嵌入层Embedding：该层采用整数编码的词汇表，并查找每个词索引的嵌入向量（embedding vector）。这些向量是通过模型训练学习到的。向量向输出数组增加了一个维度。得到的维度为：（batch,sequence,embedding）即（批处理评论条数，评论长度256，16）。
GlobalAveragePooling1D：将通过对序列维度求平均值来为每个样本返回一个定长输出向量。这允许模型以尽可能最简单的方式处理变长输入。
Dense全连接层：上一层的定长输出向量通过有16个隐藏节点的全连接层传输。
Dense全连接层：使用Sigmoid激活函数由单个输出节点输出介于 0 与 1 之间的浮点数，表示概率或置信度。

* 嵌入层Embedding用于将一个对象表示为一个数值向量，起到降维或者升维的效果。在该场景下相当于将每批输入数据batch*256(max_length)转换为batch*256*16的数据。

* GlobalAveragePooling1D中Pooling的意义是把多维度的数据整合成一个数据，常见的整合方法有AveragePooling、MaxPooling等。GlobalAveragePooling1D通过求均值为每个样本返回一个定长的输出向量。

# 配置损失函数与优化器
model.compile(optimizer='adam',
              loss='binary_crossentropy',
              metrics=['accuracy'])

'binary_crossentropy' 由于是一个二分类问题且模型输出概率值，因此选择更适合处理概率的'binary_crossentropy' 损失函数

2.5 训练模型

首先创建一个验证集：

# 从训练集中分离出验证集
x_val = train_data[:10000]
partial_x_train = train_data[10000:]

y_val = train_labels[:10000]
partial_y_train = train_labels[10000:]

# 训练模型
# history对象包含一个字典，包含训练阶段发生的事件
history = model.fit(partial_x_train,                  # 训练样本
                    partial_y_train,                  # 训练标签
                    epochs=40,                        # 训练周期数
                    batch_size=512,                   # batch大小
                    validation_data=(x_val, y_val),   # 验证集
                    verbose=1)

# 评估模型
results = model.evaluate(test_data,  test_labels, verbose=2)

print(results)
# [0.32977813482284546, 0.8728799819946289]
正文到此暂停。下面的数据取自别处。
lemma level_cost_le:
  assumes "1 \<le> l" "l \<le> L - 2"
    and cost: "\<And>b. b \<in> boxes L l \<Longrightarrow> f b \<le> card (actB N leaf S l b) * h (active_bound l)"
  shows "(\<Sum>b\<in>boxes L l. f b) \<le> (if l = 1 then h c * N
           else 2 ^ (CARD('d) * (L - l)) * (active_bound l * h (active_bound l)))"
proof (cases "l = 1")
  case True
  have "(\<Sum>b\<in>boxes L l. f b) \<le> (\<Sum>b\<in>boxes L l. h c * card (actB N leaf S l b))"
    using cost True by (intro sum_mono) (simp add: active_bound_def mult.commute)
  also have "\<dots> = h c * N"
    using sum_card_actB_leaf unfolding True by (simp add: sum_distrib_left[symmetric])
  finally show ?thesis using True by simp
next
  case False
  have "f b \<le> active_bound l * h (active_bound l)" if "b \<in> boxes L l" for b
    using cost[OF that] card_actB_le_active_bound[OF assms(1,2) that] by (meson le_trans mult_le_mono1)
  then have "(\<Sum>b\<in>boxes L l. f b) \<le> card (boxes L l :: 'd box set) * (active_bound l * h (active_bound l))"
    by (rule sum_le_card_mult)
  then show ?thesis using False by (simp add: card_boxes)
qed

lemma leaf_count_small: "L < 3 \<Longrightarrow> N \<le> 2 ^ CARD('d) * c"
proof -
  assume "L < 3"
  have "N = (\<Sum>b\<in>boxes L 1. card (actB N leaf S 1 b))" by (rule sum_card_actB_leaf[symmetric])
  also have "\<dots> \<le> card (boxes L 1 :: 'd box set) * c"
    by (intro sum_le_card_mult card_actB_leaf)
  also have "card (boxes L 1 :: 'd box set) \<le> 2 ^ CARD('d)"
    unfolding card_boxes using \<open>L < 3\<close> by (intro power_increasing) auto
  finally show ?thesis by simp
qed

lemma card_final_set_le:
  assumes "3 \<le> L"
  shows "card (final_set N S L) \<le> 2^(CARD('d)*2) * kmax S L (L-2)"
proof -
  have "card (final_set N S L) \<le> (\<Sum>b\<in>(boxes L (L-2) :: 'd box set). card (S (L-2) b))"
    using assms card_UN_le[OF finite_boxes] by (simp add: final_set_def setcompr_eq_image)
  also have "\<dots> \<le> card (boxes L (L-2) :: 'd box set) * kmax S L (L-2)"
    by (intro sum_le_card_mult card_skeleton_le_kmax)
  finally show ?thesis using assms by (simp add: card_boxes)
qed

lemma card_final_set_pow_le:
  "card (final_set N S L) ^ Suc e \<le> (2 ^ CARD('d) * c) ^ e * N
    + 2 ^ (CARD('d) * 2 * e) * (\<Sum>l\<in>{1..L-2}. 2^(CARD('d)*(L-l)) * kmax S L l ^ Suc e)"
proof (cases "3 \<le> L")
  case True
  have "card (final_set N S L) ^ Suc e \<le> (2^(CARD('d)*2) * kmax S L (L-2)) ^ Suc e"
    using card_final_set_le[OF True] by (rule power_mono) simp
  also have "\<dots> = 2 ^ (CARD('d) * 2 * e) * (2^(CARD('d)*2) * kmax S L (L-2) ^ Suc e)"
    by (simp add: power_mult_distrib power_add[symmetric] power_mult[symmetric])
  also have "\<dots> \<le> 2 ^ (CARD('d) * 2 * e) * (\<Sum>l\<in>{1..L-2}. 2^(CARD('d)*(L-l)) * kmax S L l ^ Suc e)"
    using True by (intro mult_le_mono2 last_level_le_sum)
  finally show ?thesis by (rule trans_le_add2)
next
  case False
  then have "N \<le> 2 ^ CARD('d) * c" by (simp add: leaf_count_small)
  then have "N ^ e * N \<le> (2 ^ CARD('d) * c) ^ e * N"
    by (intro mult_le_mono1 power_mono) auto
  moreover have "card (final_set N S L) ^ Suc e = N ^ e * N"
    using False by (simp add: final_set_def power_Suc2)
  ultimately show ?thesis by (simp add: trans_le_add1)
qed

lemma sum_levels_cost_le:
  assumes cost: "\<And>l b. 1 \<le> l \<Longrightarrow> l \<le> L - 2 \<Longrightarrow> b \<in> boxes L l
      \<Longrightarrow> f l b \<le> card (actB N leaf S l b) * h (active_bound l)"
    and growth: "\<And>l. l \<noteq> 1 \<Longrightarrow> active_bound l * h (active_bound l) \<le> Y * g l"
  shows "(\<Sum>l\<in>{1..L-2}. \<Sum>b\<in>boxes L l. f l b)
    \<le> h c * N + Y * (\<Sum>l\<in>{1..L-2}. 2 ^ (CARD('d) * (L - l)) * g l)"
proof (rule sum_levels_le)
  fix l assume l: "l \<in> {1..L-2}"
  then have "(\<Sum>b\<in>boxes L l. f l b) \<le> (if l = 1 then h c * N
      else 2 ^ (CARD('d) * (L - l)) * (active_bound l * h (active_bound l)))"
    using cost by (intro level_cost_le) auto
  also have "\<dots> \<le> (if l = 1 then h c * N else Y * (2 ^ (CARD('d) * (L - l)) * g l))"
  proof (cases "l = 1")
    case False
    then have "2 ^ (CARD('d) * (L - l)) * (active_bound l * h (active_bound l))
        \<le> 2 ^ (CARD('d) * (L - l)) * (Y * g l)"
      using growth by (intro mult_le_mono2)
    then show ?thesis using False by (simp add: mult.left_commute)
  qed simp
  finally show "(\<Sum>b\<in>boxes L l. f l b)
      \<le> (if l = 1 then h c * N else Y * (2 ^ (CARD('d) * (L - l)) * g l))" .
qed

lemma t_f_le:
  defines "\<alpha> \<equiv> (1 + 7^CARD('d)) * 2^CARD('d)"
  shows "t_f np N leaf S ord L
    \<le> (6 * ((1 + 7^CARD('d)) * c + np)^2 + (2^CARD('d) * c)^2) * N
      + (6 * 2^CARD('d) * (\<alpha> + np)^2 + 2^(CARD('d)*2*2))
        * (\<Sum>l\<in>{1..L-2}. 2^(CARD('d)*(L-l)) * kmax S L l ^ 3)"
proof -
  have levels: "(\<Sum>l\<in>{1..L-2}. \<Sum>b\<in>boxes L l. box_tf np N leaf S ord L l b)
      \<le> 6 * ((1 + 7^CARD('d)) * c + np)^2 * N
        + 6 * 2^CARD('d) * (\<alpha> + np)^2 * (\<Sum>l\<in>{1..L-2}. 2^(CARD('d)*(L-l)) * kmax S L l ^ 3)"
  proof (rule sum_levels_cost_le)
    show "box_tf np N leaf S ord L l b \<le> card (actB N leaf S l b)
        * (6 * ((1 + 7^CARD('d)) * active_bound l + np)^2)"
      if "1 \<le> l" "l \<le> L - 2" "b \<in> boxes L l" for l b
      using that by (rule box_tf_le)
    show "active_bound l * (6 * ((1 + 7^CARD('d)) * active_bound l + np)^2)
        \<le> 6 * 2^CARD('d) * (\<alpha> + np)^2 * kmax S L l ^ 3" if "l \<noteq> 1" for l
      using mult_square_affine_le[of "kmax S L l" \<alpha> np] that
      by (simp add: active_bound_def \<alpha>_def ac_simps)
  qed
  moreover have "card (final_set N S L) ^ 3 \<le> (2^CARD('d) * c)^2 * N
      + 2^(CARD('d)*2*2) * (\<Sum>l\<in>{1..L-2}. 2^(CARD('d)*(L-l)) * kmax S L l ^ 3)"
    using card_final_set_pow_le[of 2] by (simp only: Suc_numeral semiring_norm)
  ultimately show ?thesis unfolding t_f_def by (rule add_linear_bounds)
qed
history对象中包含一个字典，其中有四个条目：训练过程的损失值loss和准确率accuracy、验证过程的损失值val_loss和准确率val_accuracy

# 查看history
history_dict = history.history
history_dict.keys()
# dict_keys(['loss', 'accuracy', 'val_loss', 'val_accuracy'])
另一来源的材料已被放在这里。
(* For every integer $n$ with $n \equiv 1 \pmod{3}$ and $4 \le n \le 52$, there exists a permutation $\sigma$ of $\mathbb{Z}_n = \{0,\dots,n-1\}$ such that $f_\sigma(\delta) \in \{a, a+2\}$ for every $\delta \in \{1,\dots,n-1\}$, where $a = (n(n+1)-2)/3$.
   Context: For a permutation $\sigma$ of $\mathbb{Z}_n$, the shift correlation at shift $\delta$ is $f_\sigma(\delta) = \sum_{j=0}^{n-1} \lvert \sigma((j+\delta) \bmod n) - \sigma(j) \rvert$, where $\sigma$ takes values in $\{0,\dots,n-1\}$ and the absolute value is of ordinary integers. Such a permutation is called a near-perfect permutation. *)

theory Defs
  imports Main
begin

definition shift_corr :: "nat \<Rightarrow> (nat \<Rightarrow> nat) \<Rightarrow> nat \<Rightarrow> int" where
  "shift_corr n \<sigma> \<delta> = (\<Sum>j<n. \<bar>int (\<sigma> ((j + \<delta>) mod n)) - int (\<sigma> j)\<bar>)"

end

theory Submission
  imports Defs
begin

text \<open>The witnesses are explicit permutations found by computer search. Writing a
  permutation \<sigma> of {0..<n} as the list xs = [\<sigma> 0, ..., \<sigma> (n - 1)], the shift
  correlation at \<delta> is the l1-distance between rotate \<delta> xs and xs, so a witness is
  certified by computing n - 1 such distances, each rotation obtained from the
  previous one by rotate1.\<close>

fun rotations :: "nat \<Rightarrow> 'a list \<Rightarrow> 'a list list" where
  "rotations 0 xs = []"
| "rotations (Suc k) xs = rotate1 xs # rotations k (rotate1 xs)"

text \<open>Unfolding numeral counters directly keeps the evaluation of the certificates
  below from expanding numerals into towers of Suc.\<close>

lemma rotations_numeral [simp]:
  "rotations (numeral k) xs = rotate1 xs # rotations (numeral k - 1) (rotate1 xs)"
  by (simp add: numeral_eq_Suc)

lemma rotations_eq_map_rotate: "rotations k xs = map (\<lambda>d. rotate d xs) [1..<Suc k]"
proof (induction k arbitrary: xs)
  case 0
  then show ?case by simp
next
  case (Suc k)
  have "[1..<Suc (Suc k)] = 1 # map Suc [1..<Suc k]"
    by (simp add: map_Suc_upt upt_conv_Cons)
  then show ?case
    using Suc.IH by (simp add: rotate1_rotate_swap)
qed

definition l1_dist :: "nat list \<Rightarrow> nat list \<Rightarrow> int" where
  "l1_dist ys xs = (\<Sum>(y, x) \<leftarrow> zip ys xs. \<bar>int y - int x\<bar>)"

lemma shift_corr_nth:
  assumes "length xs = n"
  shows "shift_corr n ((!) xs) d = l1_dist (rotate d xs) xs"
proof -
  have "l1_dist (rotate d xs) xs = (\<Sum>j<n. \<bar>int (rotate d xs ! j) - int (xs ! j)\<bar>)"
    unfolding l1_dist_def using assms
    by (simp add: sum_list_sum_nth atLeast0LessThan case_prod_beta)
  also have "\<dots> = shift_corr n ((!) xs) d"
    unfolding shift_corr_def using assms
    by (intro sum.cong refl) (simp add: nth_rotate add.commute)
  finally show ?thesis ..
qed

lemma bij_betw_nth_distinct:
  assumes "distinct xs" and "set xs \<subseteq> {..<length xs}"
  shows "bij_betw ((!) xs) {0..<length xs} {0..<length xs}"
proof -
  have "set xs = {..<length xs}"
    using assms by (intro card_subset_eq) (simp_all add: distinct_card)
  then show ?thesis
    using assms(1) by (simp add: bij_betw_nth lessThan_atLeast0)
qed

lemma shift_corr_values_by_rotations:
  assumes "length xs = n" and "distinct xs" and "set xs \<subseteq> {..<n}"
    and "\<forall>ys\<in>set (rotations (n - 1) xs). l1_dist ys xs \<in> A"
  shows "\<exists>\<sigma>. bij_betw \<sigma> {0..<n} {0..<n} \<and> (\<forall>\<delta>\<in>{1..<n}. shift_corr n \<sigma> \<delta> \<in> A)"
proof (intro exI conjI ballI)
  show "bij_betw ((!) xs) {0..<n} {0..<n}"
    using assms bij_betw_nth_distinct by blast
  fix \<delta> assume "\<delta> \<in> {1..<n}"
  then have "rotate \<delta> xs \<in> set (rotations (n - 1) xs)"
    unfolding rotations_eq_map_rotate by auto
  then show "shift_corr n ((!) xs) \<delta> \<in> A"
    using assms(1,4) shift_corr_nth by metis
qed

definition near_perfect_list :: "nat \<Rightarrow> nat list \<Rightarrow> bool" where
  "near_perfect_list n xs \<longleftrightarrow>
     (let a = int ((n * (n + 1) - 2) div 3) in
      length xs = n \<and> distinct xs \<and> set xs \<subseteq> {..<n} \<and>
      (\<forall>ys\<in>set (rotations (n - 1) xs). l1_dist ys xs \<in> {a, a + 2}))"

lemma near_perfect_permutation_of_list:
  assumes "near_perfect_list n xs"
  shows "\<exists>\<sigma>. bij_betw \<sigma> {0..<n} {0..<n} \<and>
           (\<forall>\<delta>\<in>{1..<n}. shift_corr n \<sigma> \<delta> \<in>
              {int ((n * (n + 1) - 2) div 3), int ((n * (n + 1) - 2) div 3) + 2})"
  using assms unfolding near_perfect_list_def Let_def
  by (intro shift_corr_values_by_rotations) auto

lemma near_perfect_lists:
  "near_perfect_list 4 [0, 2, 3, 1]"
  "near_perfect_list 7 [3, 6, 5, 2, 0, 4, 1]"
  "near_perfect_list 10 [5, 2, 3, 9, 7, 6, 1, 8, 0, 4]"
  "near_perfect_list 13 [4, 3, 11, 8, 6, 9, 1, 12, 10, 5, 2, 7, 0]"
  "near_perfect_list 16 [2, 15, 12, 13, 11, 0, 6, 4, 14, 3, 5, 7, 10, 1, 9, 8]"
  "near_perfect_list 19
     [5, 1, 9, 12, 3, 4, 13, 7, 15, 10, 0, 11, 6, 16, 17, 18, 2, 14, 8]"
  "near_perfect_list 22
     [3, 8, 1, 12, 14, 18, 21, 0, 17, 20, 11, 2, 15, 9, 10, 7, 5, 4, 16, 6, 19, 13]"
  "near_perfect_list 25
     [11, 20, 6, 21, 23, 19, 2, 22, 1, 7, 9, 3, 14, 12, 5, 17, 15, 16, 10, 4, 8, 18,
     24, 13, 0]"
  "near_perfect_list 28
     [24, 9, 25, 3, 1, 27, 6, 0, 22, 20, 26, 21, 16, 10, 13, 11, 7, 23, 18, 12, 2, 5,
     17, 15, 14, 8, 19, 4]"
  "near_perfect_list 31
     [1, 0, 2, 24, 16, 30, 25, 8, 28, 13, 11, 12, 26, 7, 21, 15, 5, 19, 22, 23, 20,
     4, 18, 6, 10, 17, 27, 14, 3, 9, 29]"
  "near_perfect_list 34
     [19, 18, 10, 29, 5, 6, 16, 17, 2, 0, 13, 32, 14, 12, 9, 33, 15, 21, 25, 1, 3,
     27, 7, 31, 30, 11, 23, 4, 22, 8, 20, 28, 24, 26]"
  "near_perfect_list 37
     [9, 36, 17, 34, 15, 18, 16, 11, 1, 27, 29, 26, 23, 7, 33, 32, 19, 24, 2, 4, 28,
     6, 3, 13, 31, 0, 5, 30, 10, 21, 20, 22, 35, 12, 14, 8, 25]"
  "near_perfect_list 40
     [5, 29, 22, 36, 26, 19, 8, 16, 24, 4, 38, 21, 18, 25, 10, 11, 28, 39, 32, 9, 34,
     35, 0, 33, 15, 17, 7, 27, 37, 30, 14, 3, 6, 20, 2, 1, 13, 23, 12, 31]"
  "near_perfect_list 43
     [28, 0, 13, 4, 2, 22, 10, 14, 20, 3, 18, 40, 39, 35, 5, 27, 17, 9, 25, 29, 37,
     7, 42, 16, 41, 12, 21, 30, 31, 1, 8, 38, 33, 15, 34, 6, 19, 36, 32, 11, 24, 26,
     23]"
  "near_perfect_list 46
     [34, 20, 26, 7, 43, 42, 23, 41, 17, 25, 11, 15, 14, 8, 39, 36, 38, 3, 29, 27,
     37, 40, 33, 12, 31, 9, 35, 22, 0, 4, 45, 5, 24, 28, 1, 19, 6, 13, 21, 32, 18,
     16, 30, 44, 2, 10]"
  "near_perfect_list 49
     [35, 41, 8, 11, 32, 23, 1, 37, 10, 15, 42, 0, 44, 5, 3, 48, 46, 26, 22, 47, 43,
     13, 33, 4, 6, 2, 27, 28, 14, 17, 24, 21, 45, 31, 29, 25, 20, 16, 7, 38, 36, 39,
     18, 40, 12, 34, 9, 30, 19]"
  "near_perfect_list 52
     [20, 47, 51, 6, 29, 37, 10, 15, 36, 28, 44, 14, 22, 50, 24, 38, 48, 33, 23, 17,
     19, 3, 2, 7, 8, 12, 46, 41, 13, 1, 32, 9, 49, 26, 18, 0, 43, 27, 25, 21, 31, 16,
     45, 5, 42, 39, 35, 30, 11, 40, 4, 34]"
  by (simp_all add: near_perfect_list_def l1_dist_def)

theorem theorem6:
  fixes n :: nat
  assumes "n mod 3 = 1" and "4 \<le> n" and "n \<le> 52"
  shows "\<exists>\<sigma>. bij_betw \<sigma> {0..<n} {0..<n} \<and>
           (\<forall>\<delta>\<in>{1..<n}. shift_corr n \<sigma> \<delta> \<in>
              {int ((n * (n + 1) - 2) div 3), int ((n * (n + 1) - 2) div 3) + 2})"
proof -
  have "n \<in> {4, 7, 10, 13, 16, 19, 22, 25, 28, 31, 34, 37, 40, 43, 46, 49, 52}"
    using assms by simp presburger
  then obtain xs where "near_perfect_list n xs"
    using near_perfect_lists by auto
  then show ?thesis
    by (rule near_perfect_permutation_of_list)
qed

end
# 绘制一个准确率accuracy和损失值loss随时间变化的图表
import matplotlib.pyplot as plt

acc = history_dict['accuracy']
val_acc = history_dict['val_accuracy']
loss = history_dict['loss']
val_loss = history_dict['val_loss']

epochs = range(1, len(acc) + 1)

# “bo”代表 "蓝点"
plt.plot(epochs, loss, 'bo', label='Training loss')
# b代表“蓝色实线”
plt.plot(epochs, val_loss, 'b', label='Validation loss')
plt.title('Training and validation loss')
plt.xlabel('Epochs')
plt.ylabel('Loss')
plt.legend()

plt.show()

plt.clf()   # 清除数字

plt.plot(epochs, acc, 'bo', label='Training acc')
plt.plot(epochs, val_acc, 'b', label='Validation acc')
plt.title('Training and validation accuracy')
plt.xlabel('Epochs')
plt.ylabel('Accuracy')
plt.legend()

plt.show()

3. 使用TF Hub进行文本分类

使用来自TensorFlow Hub的与训练文本嵌入向量模型进行训练。tfhub.dev

# 安装库
pip install tensorflow-hub
pip install tensorflow-datasets

import numpy as np

import tensorflow as tf

!pip install tensorflow-hub
!pip install tfds-nightly
import tensorflow_hub as hub
import tensorflow_datasets as tfds

print("Version: ", tf.__version__)
print("Eager mode: ", tf.executing_eagerly())
print("Hub version: ", hub.__version__)
print("GPU is", "available" if tf.config.experimental.list_physical_devices("GPU") else "NOT AVAILABLE")


# 导入数据集
# Split the training set into 60% and 40% to end up with 15,000 examples
# for training, 10,000 examples for validation and 25,000 examples for testing.
train_data, validation_data, test_data = tfds.load(
    name="imdb_reviews", 
    split=('train[:60%]', 'train[60%:]', 'test'),
    as_supervised=True)


# 导入已经训练好的嵌入层embedding
embedding = "https://tfhub.dev/google/nnlm-en-dim50/2"
hub_layer = hub.KerasLayer(embedding, input_shape=[], 
                           dtype=tf.string, trainable=True)
hub_layer(train_examples_batch[:3])


# 搭建模型
model = tf.keras.Sequential()
model.add(hub_layer)
model.add(tf.keras.layers.Dense(16, activation='relu'))
model.add(tf.keras.layers.Dense(1))

model.summary()  # 查看模型结构


# 编译模型
model.compile(optimizer='adam',
              loss=tf.keras.losses.BinaryCrossentropy(from_logits=True),
              metrics=['accuracy'])


# 训练模型
history = model.fit(train_data.shuffle(10000).batch(512),
                    epochs=10,
                    validation_data=validation_data.batch(512),
                    verbose=1)


# 评估模型
results = model.evaluate(test_data.batch(512), verbose=2)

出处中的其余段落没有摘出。